(* Let $n\in\mathbb N$ and $0<\varepsilon,\gamma<1$. Let $H$ be a $3$-graph of order $n$ with $\delta_2(H)\ge(1/2-\gamma)n$. Let $v\in V(H)$ and suppose there are at least $\varepsilon n^3$ edges $e\in E(H)$ such that $v\in L(e)$. Then $|\tilde N_{1,\gamma\varepsilon}(v)|\ge(1/4-3\gamma)n$.
   Context: $\delta_2(H)$ is the minimum over pairs of distinct vertices of the number of edges containing the pair. $K_4^-$ is the $3$-graph with $4$ vertices and $3$ edges. For a $3$-set $T$, $L(T)$ is the set of vertices $u$ such that $H[T\cup\{u\}]$ contains a copy of $K_4^-$. For $c\in\mathbb N$, a set $S$ is an $(x,y)$-connector of length $c$ if $S\cap\{x,y\}=\emptyset$, $|S|=4c-1$, and both $H[S\cup\{x\}]$, $H[S\cup\{y\}]$ contain $K_4^-$-factors (vertex-disjoint copies covering all vertices). $x,y$ are $(c,\eta)$-close if there are at least $\eta n^{4c-1}$ $(x,y)$-connectors of length $c$ in $H$. $\tilde N_{c,\eta}(x)$ is the set of vertices $(c,\eta)$-close to $x$. *)

theory Defs
  imports Main Complex_Main
begin

definition three_graph :: "'a set \<Rightarrow> 'a set set \<Rightarrow> bool" where
  "three_graph V E \<longleftrightarrow> finite V \<and> (\<forall>e\<in>E. e \<subseteq> V \<and> card e = 3)"

definition codeg :: "'a set set \<Rightarrow> 'a \<Rightarrow> 'a \<Rightarrow> nat" where
  "codeg E x y = card {e \<in> E. x \<in> e \<and> y \<in> e}"

definition min_codeg_ge :: "'a set \<Rightarrow> 'a set set \<Rightarrow> real \<Rightarrow> bool" where
  "min_codeg_ge V E d \<longleftrightarrow> (\<forall>x\<in>V. \<forall>y\<in>V. x \<noteq> y \<longrightarrow> real (codeg E x y) \<ge> d)"

definition is_K4minus :: "'a set set \<Rightarrow> 'a set \<Rightarrow> bool" where
  "is_K4minus E Q \<longleftrightarrow> card Q = 4 \<and> card {e \<in> E. e \<subseteq> Q} \<ge> 3"

definition contains_K4minus :: "'a set set \<Rightarrow> 'a set \<Rightarrow> bool" where
  "contains_K4minus E X \<longleftrightarrow> (\<exists>Q. Q \<subseteq> X \<and> is_K4minus E Q)"

definition has_K4minus_factor :: "'a set set \<Rightarrow> 'a set \<Rightarrow> bool" where
  "has_K4minus_factor E X \<longleftrightarrow>
     (\<exists>P. finite P \<and> \<Union>P = X \<and> (\<forall>Q\<in>P. is_K4minus E Q)
          \<and> (\<forall>Q1\<in>P. \<forall>Q2\<in>P. Q1 \<noteq> Q2 \<longrightarrow> Q1 \<inter> Q2 = {}))"

definition Lset :: "'a set \<Rightarrow> 'a set set \<Rightarrow> 'a set \<Rightarrow> 'a set" where
  "Lset V E T = {u \<in> V. contains_K4minus E (T \<union> {u})}"

definition connector :: "'a set \<Rightarrow> 'a set set \<Rightarrow> nat \<Rightarrow> 'a \<Rightarrow> 'a \<Rightarrow> 'a set \<Rightarrow> bool" where
  "connector V E c x y S \<longleftrightarrow> S \<subseteq> V \<and> x \<notin> S \<and> y \<notin> S \<and> card S = 4 * c - 1
     \<and> has_K4minus_factor E (S \<union> {x}) \<and> has_K4minus_factor E (S \<union> {y})"

definition close :: "'a set \<Rightarrow> 'a set set \<Rightarrow> nat \<Rightarrow> real \<Rightarrow> 'a \<Rightarrow> 'a \<Rightarrow> bool" where
  "close V E c \<eta> x y \<longleftrightarrow>
     real (card {S. connector V E c x y S}) \<ge> \<eta> * real (card V) ^ (4 * c - 1)"

definition close_nbhd :: "'a set \<Rightarrow> 'a set set \<Rightarrow> nat \<Rightarrow> real \<Rightarrow> 'a \<Rightarrow> 'a set" where
  "close_nbhd V E c \<eta> x = {y \<in> V. close V E c \<eta> x y}"

end

theory Submission
  imports Defs
begin

text \<open>Any edge e with x, y \<in> L(e) is itself an (x,y)-connector of length 1.
  A vertex u outside the edge {a,b,c} that completes two of the three faces {a,b,u}, {a,c,u},
  {b,c,u} lies in L({a,b,c}); as each pair in an edge has at least delta_2 - 1 further
  completions, 3(delta_2 - 1) \<le> (n - 3) + 2|L(e)|, i.e. |L(e)| \<ge> n/4 - 3\<gamma>n/2.
  Double counting the incidences u \<in> L(e) over the edges e with v \<in> L(e), each vertex
  u not close to v lies in fewer than \<gamma>\<epsilon>n^3 \<le> \<gamma>|{e. v \<in> L(e)}|
  of these sets, so at least n/4 - 3\<gamma>n/2 - \<gamma>n vertices are close to v.\<close>

lemma three_graph_finite_edges: "three_graph V E \<Longrightarrow> finite E"
  unfolding three_graph_def by (meson Pow_iff finite_Pow_iff finite_subset subsetI)

lemma three_graph_edgeD:
  assumes "three_graph V E" "e \<in> E"
  shows "card e = 3" "e \<subseteq> V" "finite e"
  using assms by (auto simp: three_graph_def intro: card_ge_0_finite)

lemma is_K4minus_of_Lset:
  assumes "card e = 3" "v \<in> Lset V E e"
  shows "v \<in> V" "v \<notin> e" "is_K4minus E (insert v e)"
proof -
  from assms(2) obtain Q where Q: "Q \<subseteq> insert v e" "is_K4minus E Q"
    unfolding Lset_def contains_K4minus_def by auto
  have fin: "finite (insert v e)" using assms(1) card_ge_0_finite by force
  have "card Q = 4" using Q(2) unfolding is_K4minus_def by simp
  moreover have "card (insert v e) \<le> 4" using assms(1) card_insert_le_m1[of 4 e v] by linarith
  ultimately have Q_eq: "Q = insert v e" using card_subset_eq[OF fin Q(1)] card_mono[OF fin Q(1)] by simp
  show "v \<in> V" using assms(2) unfolding Lset_def by simp
  show "v \<notin> e"
  proof
    assume "v \<in> e"
    then have "insert v e = e" by blast
    with Q_eq \<open>card Q = 4\<close> assms(1) show False by simp
  qed
  show "is_K4minus E (insert v e)" using Q Q_eq by simp
qed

....................

Task statement. Some lines in the material contain "lies". Show all of them.

Written solution.
  {b,c,u} lies in L({a,b,c}); as each pair in an edge has at least delta_2 - 1 further
  u not close to v lies in fewer than \<gamma>\<epsilon>n^3 \<le> \<gamma>|{e. v \<in> L(e)}|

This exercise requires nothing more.